The research group led by Prof. LI Jiayang from the Institute of Genetics and Developmental Biology (IGDB), Chinese Academy of Sciences, has identified key components in SL biosynthesis and signaling, and proposed the SL signaling model featured by the SL-triggered ubiquitination and degradation of D53.
 
The limited knowledge of SL responsive genes has seriously hampered the understanding of SL signaling. Recently, Prof. LI and collaborators synthesized SL analogs GR244DO, GR245DS and rac-GR24, and compared their effects in stimulating SL signaling. GR244DO specifically stimulates SL signaling in a D14-dependent manner, and efficiency of GR244DO is higher than that of GR245DS and rac-GR24.
 
Through RNA-SEQ analysis, they identified 401 SL responsive genes after GR244DO treatment for 2 h and 4 h. Genetic analyses further indicated that SLs repress shoot branching through transcriptional activation of BRC1, which further promotes expression of HB40 and ABA accumulation in axillary buds. However, BRC1 is not required for SL-regulated leaf elongation. Instead, TCP1 is important for leaf elongation promoted by SL signaling. Furthermore, SLs promote anthocyanin accumulation through transcriptional activation of PAP1 and its homologues PAP2, MYB113 and MYB114. These findings demonstrate that SLs control diverse aspects of plant development through distinct SL responsive genes.
 
They further identified 729 SMXL6-target genes through ChIP-SEQ analysis and found that SMXL6 failed to directly bind the BRC1 promoter in EMSA assays, indicating that SMXL6 may work with unknown TFs to inhibit downstream gene expression.
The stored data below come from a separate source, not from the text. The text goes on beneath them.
(* Let $H$ be a Hopf algebra over a field $k$. For all $x,y\in H$, the elements $p_x=t_{x_1}t_{S(x_2)}$ and $q_{x,y}=t_{x_1}t_{y_1}t_{S(x_2y_2)}$ of $S(t_H)$, identified with $p_x\otimes1$ and $q_{x,y}\otimes1$ in $S(t_H)\otimes H$, belong to $\bar\mu(\mathcal{V}_H)$.
   Context: Sweedler notation $\Delta(x)=x_1\otimes x_2$; $S$ is the antipode of $H$. Let $t_H=\{t_x:x\in H\}$ be a copy of the vector space $H$ ($x\mapsto t_x$ linear) and $S(t_H)$ its symmetric algebra. Let $X_H=\{X_x:x\in H\}$ be another copy of $H$ and $T(X_H)$ the tensor algebra, a right $H$-comodule algebra via $\delta_T(X_x)=X_{x_1}\otimes x_2$. Give $S(t_H)\otimes H$ the right $H$-comodule algebra structure $\mathrm{id}\otimes\Delta$. Let $\mu:T(X_H)\to S(t_H)\otimes H$ be the algebra map with $\mu(X_x)=t_{x_1}\otimes x_2$ (an $H$-comodule algebra map), $I_H=\ker\mu$, $\mathcal{U}_H=T(X_H)/I_H$ (the universal $H$-comodule algebra), $\bar\mu:\mathcal{U}_H\hookrightarrow S(t_H)\otimes H$ the induced injection, and $\mathcal{V}_H=\{u\in\mathcal{U}_H:\delta(u)=u\otimes1\}$ its subalgebra of right $H$-coinvariants. *)

theory Defs
  imports "HOL-Library.Poly_Mapping"
begin

text \<open>All vector spaces over the field 'k are represented concretely by
  finitely supported coefficient functions on a basis: a vector with basis indexed by
  type 'a is an element of  ('a =>0 'k).  Tensor products of such spaces are
  represented on the product basis  'a \<times> 'c.  The Hopf algebra H is given by a basis
  indexed by the type 'b (every vector space has a basis) and its structure maps on
  basis vectors.\<close>

definition smult :: "'k::field \<Rightarrow> ('a \<Rightarrow>\<^sub>0 'k) \<Rightarrow> ('a \<Rightarrow>\<^sub>0 'k)" where
  "smult r v = Poly_Mapping.map (\<lambda>c. r * c) v"

definition lin :: "('a \<Rightarrow> ('c \<Rightarrow>\<^sub>0 'k::field)) \<Rightarrow> ('a \<Rightarrow>\<^sub>0 'k) \<Rightarrow> ('c \<Rightarrow>\<^sub>0 'k)" where
  "lin f v = (\<Sum>a\<in>Poly_Mapping.keys v. smult (Poly_Mapping.lookup v a) (f a))"

definition bas :: "'a \<Rightarrow> ('a \<Rightarrow>\<^sub>0 'k::field)" where
  "bas a = Poly_Mapping.single a 1"

definition tens :: "('a \<Rightarrow>\<^sub>0 'k::field) \<Rightarrow> ('c \<Rightarrow>\<^sub>0 'k) \<Rightarrow> ('a \<times> 'c \<Rightarrow>\<^sub>0 'k)" where
  "tens v w = lin (\<lambda>a. lin (\<lambda>c. bas (a, c)) w) v"

definition tmap :: "('a \<Rightarrow> ('c \<Rightarrow>\<^sub>0 'k::field)) \<Rightarrow> ('d \<Rightarrow> ('e \<Rightarrow>\<^sub>0 'k))
    \<Rightarrow> ('a \<times> 'd \<Rightarrow>\<^sub>0 'k) \<Rightarrow> ('c \<times> 'e \<Rightarrow>\<^sub>0 'k)" where
  "tmap f g = lin (\<lambda>(a, d). tens (f a) (g d))"

definition bmul :: "('a \<Rightarrow> 'a \<Rightarrow> ('a \<Rightarrow>\<^sub>0 'k::field)) \<Rightarrow> ('a \<Rightarrow>\<^sub>0 'k) \<Rightarrow> ('a \<Rightarrow>\<^sub>0 'k) \<Rightarrow> ('a \<Rightarrow>\<^sub>0 'k)" where
  "bmul m v w = lin (\<lambda>a. lin (\<lambda>c. m a c) w) v"

definition tmul :: "('a \<Rightarrow> 'a \<Rightarrow> ('a \<Rightarrow>\<^sub>0 'k::field)) \<Rightarrow> ('c \<Rightarrow> 'c \<Rightarrow> ('c \<Rightarrow>\<^sub>0 'k))
    \<Rightarrow> ('a \<times> 'c) \<Rightarrow> ('a \<times> 'c) \<Rightarrow> ('a \<times> 'c \<Rightarrow>\<^sub>0 'k)" where
  "tmul mA mB = (\<lambda>(a, b) (c, d). tens (mA a c) (mB b d))"

definition eps :: "('b \<Rightarrow> 'k::field) \<Rightarrow> ('b \<Rightarrow>\<^sub>0 'k) \<Rightarrow> 'k" where
  "eps cu x = (\<Sum>a\<in>Poly_Mapping.keys x. Poly_Mapping.lookup x a * cu a)"

definition hopf_algebra ::
  "('b \<Rightarrow> 'b \<Rightarrow> ('b \<Rightarrow>\<^sub>0 'k::field)) \<Rightarrow> ('b \<Rightarrow>\<^sub>0 'k) \<Rightarrow> ('b \<Rightarrow> ('b \<times> 'b \<Rightarrow>\<^sub>0 'k))
    \<Rightarrow> ('b \<Rightarrow> 'k) \<Rightarrow> ('b \<Rightarrow> ('b \<Rightarrow>\<^sub>0 'k)) \<Rightarrow> bool" where
  "hopf_algebra mul one cmul cu ant \<longleftrightarrow>
     (\<forall>x y z. bmul mul (bmul mul x y) z = bmul mul x (bmul mul y z)) \<and>
     (\<forall>x. bmul mul one x = x \<and> bmul mul x one = x) \<and>
     (\<forall>x. lin (\<lambda>((a, b), c). bas (a, b, c)) (tmap cmul bas (lin cmul x))
            = tmap bas cmul (lin cmul x)) \<and>
     (\<forall>x. lin (\<lambda>(a, b). smult (cu a) (bas b)) (lin cmul x) = x \<and>
          lin (\<lambda>(a, b). smult (cu b) (bas a)) (lin cmul x) = x) \<and>
     (\<forall>x y. lin cmul (bmul mul x y) = bmul (tmul mul mul) (lin cmul x) (lin cmul y)) \<and>
     lin cmul one = tens one one \<and>
     (\<forall>x y. eps cu (bmul mul x y) = eps cu x * eps cu y) \<and>
     eps cu one = 1 \<and>
     (\<forall>x. lin (\<lambda>(a, b). bmul mul (ant a) (bas b)) (lin cmul x) = smult (eps cu x) one \<and>
          lin (\<lambda>(a, b). bmul mul (bas a) (ant b)) (lin cmul x) = smult (eps cu x) one)"

subsection \<open>The symmetric algebra S(t_H) = k[t_b : b basis], and S(t_H) \<otimes> H\<close>

text \<open>Polynomials: poly_mappings from monomials ('b =>0 nat) to 'k, a commutative ring via Poly_Mapping.\<close>
definition tvar :: "'b \<Rightarrow> (('b \<Rightarrow>\<^sub>0 nat) \<Rightarrow>\<^sub>0 'k::field)" where
  "tvar b = Poly_Mapping.single (Poly_Mapping.single b 1) 1"

definition tH :: "('b \<Rightarrow>\<^sub>0 'k::field) \<Rightarrow> (('b \<Rightarrow>\<^sub>0 nat) \<Rightarrow>\<^sub>0 'k)" where
  "tH x = lin tvar x"

definition SH_mul :: "('b \<Rightarrow> 'b \<Rightarrow> ('b \<Rightarrow>\<^sub>0 'k::field))
   \<Rightarrow> (('b \<Rightarrow>\<^sub>0 nat) \<times> 'b \<Rightarrow>\<^sub>0 'k) \<Rightarrow> (('b \<Rightarrow>\<^sub>0 nat) \<times> 'b \<Rightarrow>\<^sub>0 'k) \<Rightarrow> (('b \<Rightarrow>\<^sub>0 nat) \<times> 'b \<Rightarrow>\<^sub>0 'k)" where
  "SH_mul mul = bmul (tmul (\<lambda>m m'. bas (m + m')) mul)"

definition SH_one :: "('b \<Rightarrow>\<^sub>0 'k::field) \<Rightarrow> (('b \<Rightarrow>\<^sub>0 nat) \<times> 'b \<Rightarrow>\<^sub>0 'k)" where
  "SH_one one = tens 1 one"

subsection \<open>Tensor algebra T(X_H): basis = words in the basis of H, X_b = [b]\<close>

definition TH_mul :: "('b list \<Rightarrow>\<^sub>0 'k::field) \<Rightarrow> ('b list \<Rightarrow>\<^sub>0 'k) \<Rightarrow> ('b list \<Rightarrow>\<^sub>0 'k)" where
  "TH_mul = bmul (\<lambda>v w. bas (v @ w))"

definition XH :: "('b \<Rightarrow>\<^sub>0 'k::field) \<Rightarrow> ('b list \<Rightarrow>\<^sub>0 'k)" where
  "XH x = lin (\<lambda>b. bas [b]) x"

text \<open>mu: the algebra map T(X_H) \<rightarrow> S(t_H) \<otimes> H with mu(X_b) = t_{b_1} \<otimes> b_2,
  i.e. mu(X_{b1} ... X_{bn}) = mu(X_{b1}) ... mu(X_{bn}).\<close>
definition mu_gen :: "('b \<Rightarrow> ('b \<times> 'b \<Rightarrow>\<^sub>0 'k::field)) \<Rightarrow> 'b \<Rightarrow> (('b \<Rightarrow>\<^sub>0 nat) \<times> 'b \<Rightarrow>\<^sub>0 'k)" where
  "mu_gen cmul b = lin (\<lambda>(i, j). tens (tvar i) (bas j)) (cmul b)"

definition mu :: "('b \<Rightarrow> 'b \<Rightarrow> ('b \<Rightarrow>\<^sub>0 'k::field)) \<Rightarrow> ('b \<Rightarrow>\<^sub>0 'k) \<Rightarrow> ('b \<Rightarrow> ('b \<times> 'b \<Rightarrow>\<^sub>0 'k))
   \<Rightarrow> ('b list \<Rightarrow>\<^sub>0 'k) \<Rightarrow> (('b \<Rightarrow>\<^sub>0 nat) \<times> 'b \<Rightarrow>\<^sub>0 'k)" where
  "mu mul one cmul = lin (\<lambda>w. foldr (\<lambda>b acc. SH_mul mul (mu_gen cmul b) acc) w (SH_one one))"

text \<open>The coaction delta_T : T(X_H) \<rightarrow> T(X_H) \<otimes> H, the algebra map with
  delta_T(X_b) = X_{b_1} \<otimes> b_2.\<close>
definition deltaT_gen :: "('b \<Rightarrow> ('b \<times> 'b \<Rightarrow>\<^sub>0 'k::field)) \<Rightarrow> 'b \<Rightarrow> ('b list \<times> 'b \<Rightarrow>\<^sub>0 'k)" where
  "deltaT_gen cmul b = lin (\<lambda>(i, j). tens (bas [i]) (bas j)) (cmul b)"

definition deltaT :: "('b \<Rightarrow> 'b \<Rightarrow> ('b \<Rightarrow>\<^sub>0 'k::field)) \<Rightarrow> ('b \<Rightarrow>\<^sub>0 'k) \<Rightarrow> ('b \<Rightarrow> ('b \<times> 'b \<Rightarrow>\<^sub>0 'k))
   \<Rightarrow> ('b list \<Rightarrow>\<^sub>0 'k) \<Rightarrow> ('b list \<times> 'b \<Rightarrow>\<^sub>0 'k)" where
  "deltaT mul one cmul = lin (\<lambda>w. foldr (\<lambda>b acc.
       bmul (tmul (\<lambda>v w. bas (v @ w)) mul) (deltaT_gen cmul b) acc) w (tens (bas []) one))"

subsection \<open>U_H = T(X_H)/I_H, its coinvariants V_H, and mubar(V_H)\<close>

definition I_H :: "('b \<Rightarrow> 'b \<Rightarrow> ('b \<Rightarrow>\<^sub>0 'k::field)) \<Rightarrow> ('b \<Rightarrow>\<^sub>0 'k) \<Rightarrow> ('b \<Rightarrow> ('b \<times> 'b \<Rightarrow>\<^sub>0 'k))
   \<Rightarrow> ('b list \<Rightarrow>\<^sub>0 'k) set" where
  "I_H mul one cmul = {a. mu mul one cmul a = 0}"

text \<open>I_H \<otimes> H as a subspace of T(X_H) \<otimes> H; it is the kernel of
  \<pi> \<otimes> id : T(X_H) \<otimes> H \<rightarrow> U_H \<otimes> H.\<close>
definition I_H_tensor_H :: "('b \<Rightarrow> 'b \<Rightarrow> ('b \<Rightarrow>\<^sub>0 'k::field)) \<Rightarrow> ('b \<Rightarrow>\<^sub>0 'k) \<Rightarrow> ('b \<Rightarrow> ('b \<times> 'b \<Rightarrow>\<^sub>0 'k))
   \<Rightarrow> ('b list \<times> 'b \<Rightarrow>\<^sub>0 'k) set" where
  "I_H_tensor_H mul one cmul =
     {z. \<exists>(n::nat) f g. (\<forall>j<n. f j \<in> I_H mul one cmul) \<and> z = (\<Sum>j<n. tens (f j) (g j))}"

text \<open>The class [a] \<in> U_H is coinvariant, delta([a]) = [a] \<otimes> 1 in U_H \<otimes> H,
  iff delta_T(a) - a \<otimes> 1 \<in> I_H \<otimes> H.  mubar([a]) = mu(a).  Hence
  mubar(V_H) is the following set.\<close>
definition mubar_V_H :: "('b \<Rightarrow> 'b \<Rightarrow> ('b \<Rightarrow>\<^sub>0 'k::field)) \<Rightarrow> ('b \<Rightarrow>\<^sub>0 'k) \<Rightarrow> ('b \<Rightarrow> ('b \<times> 'b \<Rightarrow>\<^sub>0 'k))
   \<Rightarrow> (('b \<Rightarrow>\<^sub>0 nat) \<times> 'b \<Rightarrow>\<^sub>0 'k) set" where
  "mubar_V_H mul one cmul =
     {mu mul one cmul a | a. deltaT mul one cmul a - tens a one \<in> I_H_tensor_H mul one cmul}"

definition p_el :: "('b \<Rightarrow> ('b \<times> 'b \<Rightarrow>\<^sub>0 'k::field)) \<Rightarrow> ('b \<Rightarrow> ('b \<Rightarrow>\<^sub>0 'k))
   \<Rightarrow> ('b \<Rightarrow>\<^sub>0 'k) \<Rightarrow> (('b \<Rightarrow>\<^sub>0 nat) \<Rightarrow>\<^sub>0 'k)" where
  "p_el cmul ant x = lin (\<lambda>(i, j). tH (bas i) * tH (lin ant (bas j))) (lin cmul x)"

definition q_el :: "('b \<Rightarrow> 'b \<Rightarrow> ('b \<Rightarrow>\<^sub>0 'k::field)) \<Rightarrow> ('b \<Rightarrow> ('b \<times> 'b \<Rightarrow>\<^sub>0 'k)) \<Rightarrow> ('b \<Rightarrow> ('b \<Rightarrow>\<^sub>0 'k))
   \<Rightarrow> ('b \<Rightarrow>\<^sub>0 'k) \<Rightarrow> ('b \<Rightarrow>\<^sub>0 'k) \<Rightarrow> (('b \<Rightarrow>\<^sub>0 nat) \<Rightarrow>\<^sub>0 'k)" where
  "q_el mul cmul ant x y =
     lin (\<lambda>(i, j). lin (\<lambda>(k, l).
        tH (bas i) * tH (bas k) * tH (lin ant (bmul mul (bas j) (bas l)))) (lin cmul y)) (lin cmul x)"

end

theory Submission
  imports Defs
begin

text \<open>Both the coaction \<open>\<delta>\<^sub>T\<close> and \<open>\<mu>\<close> are instances of one algebra map
  \<open>W\<^sub>g : T(X\<^sub>H) \<rightarrow> k[C] \<otimes> H\<close>, \<open>X\<^sub>b \<mapsto> g(b\<^sub>1) \<otimes> b\<^sub>2\<close>, for a monoid \<open>C\<close> and a linear
  \<open>g : H \<rightarrow> k[C]\<close>: take \<open>C\<close> = words and \<open>g(b) = X\<^sub>b\<close>, respectively \<open>C\<close> = monomials and
  \<open>g(b) = t\<^sub>b\<close>. For the element \<open>a\<^sub>x = X\<^bsub>x\<^sub>1\<^esub> X\<^bsub>S(x\<^sub>2)\<^esub>\<close> of \<open>T(X\<^sub>H)\<close> the Hopf algebra identity
  \<open>S(h\<^sub>2)\<^sub>1 \<otimes> h\<^sub>1 S(h\<^sub>2)\<^sub>2 = S(h) \<otimes> 1\<close> gives \<open>W\<^sub>g(a\<^sub>x) = g(x\<^sub>1) g(S(x\<^sub>2)) \<otimes> 1\<close>.
  Hence \<open>\<delta>\<^sub>T(a\<^sub>x) = a\<^sub>x \<otimes> 1\<close> already in \<open>T(X\<^sub>H)\<close>, so the class of \<open>a\<^sub>x\<close> lies in \<open>\<V>\<^sub>H\<close>, and
  \<open>\<mu>(a\<^sub>x) = p\<^sub>x \<otimes> 1\<close>. The same argument, using multiplicativity of \<open>\<Delta>\<close>, applies to
  \<open>X\<^bsub>x\<^sub>1\<^esub> X\<^bsub>y\<^sub>1\<^esub> X\<^bsub>S(x\<^sub>2y\<^sub>2)\<^esub>\<close> and \<open>q\<^sub>x\<^sub>,\<^sub>y\<close>.\<close>

lemma lookup_smult [simp]: "Poly_Mapping.lookup (smult r v) a = r * Poly_Mapping.lookup v a"
  unfolding smult_def by (simp add: Poly_Mapping.map.rep_eq when_def)

lemma smult_add_right: "smult r (u + v) = smult r u + smult r v"
  by (rule poly_mapping_eqI) (simp add: lookup_add algebra_simps)

lemma smult_add_left: "smult (r + s) u = smult r u + smult s u"
  by (rule poly_mapping_eqI) (simp add: lookup_add algebra_simps)

lemma smult_smult: "smult r (smult s u) = smult (r * s) u"
  by (rule poly_mapping_eqI) (simp add: algebra_simps)

lemma smult_one [simp]: "smult 1 u = u"
  by (rule poly_mapping_eqI) simp

lemma smult_zero_left [simp]: "smult 0 u = 0"
  by (rule poly_mapping_eqI) simp

lemma smult_sum: "smult r (sum f A) = (\<Sum>a\<in>A. smult r (f a))"
  by (rule poly_mapping_eqI) (simp add: lookup_sum sum_distrib_left)

lemma keys_smult_subset: "Poly_Mapping.keys (smult r v) \<subseteq> Poly_Mapping.keys v"
  by (auto simp: in_keys_iff)

lemma lin_eq_sum_superset:
  assumes "finite A" "Poly_Mapping.keys v \<subseteq> A"
  shows "lin f v = (\<Sum>a\<in>A. smult (Poly_Mapping.lookup v a) (f a))"
  unfolding lin_def
  by (rule sum.mono_neutral_left) (use assms in \<open>auto simp: in_keys_iff\<close>)

lemma lin_add: "lin f (u + v) = lin f u + lin f v"
proof -
  let ?A = "Poly_Mapping.keys u \<union> Poly_Mapping.keys v"
  have "Poly_Mapping.keys (u + v) \<subseteq> ?A"
    by (simp add: keys_add)
  then show ?thesis
    by (simp add: lin_eq_sum_superset[of ?A] lookup_add smult_add_left sum.distrib)
qed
Notably, they found that SMXL6, SMXL7 and SMXL8 directly bind each other’s promoters in vitro. The ATAACAA motif in SMXL7 promoter is required for the direct binding and transcriptional repression of SMXL6 on the SMXL7 promoter.
 
These findings demonstrate that SMXL6, 7, 8 could directly bind DNA and function as self-regulating transcription factors, revealing a novel mechanism distinguished from the classical model that repressor proteins in IAA, JA, GA, and SL signaling need transcription factors to repress gene expression.
 
“A landmark study by Wang et al. renders a panorama of transcriptional regulation in SL signaling. The finding that SUPPRESSOR OF MAX2 LIKE 6 (SMXL6) also functions as an auto-regulated transcription factor (TF) causes a paradigm shift in current view of transcriptional repressors in phytohormone signaling.” said Prof. CHU Chengcai from IGDB.
 
The paper entitled “Transcriptional regulation of strigolactone signalling in Arabidopsis” was published online in Nature on June 11, 2020 (doi.org/10.1038/s41586-020-2382-x.).
 
This research was supported by National Natural Science Foundation of China and Chinese Academy of Sciences.
 
 
Model of transcriptional regulation by SMXL6 in SL signaling (Image by IGDB)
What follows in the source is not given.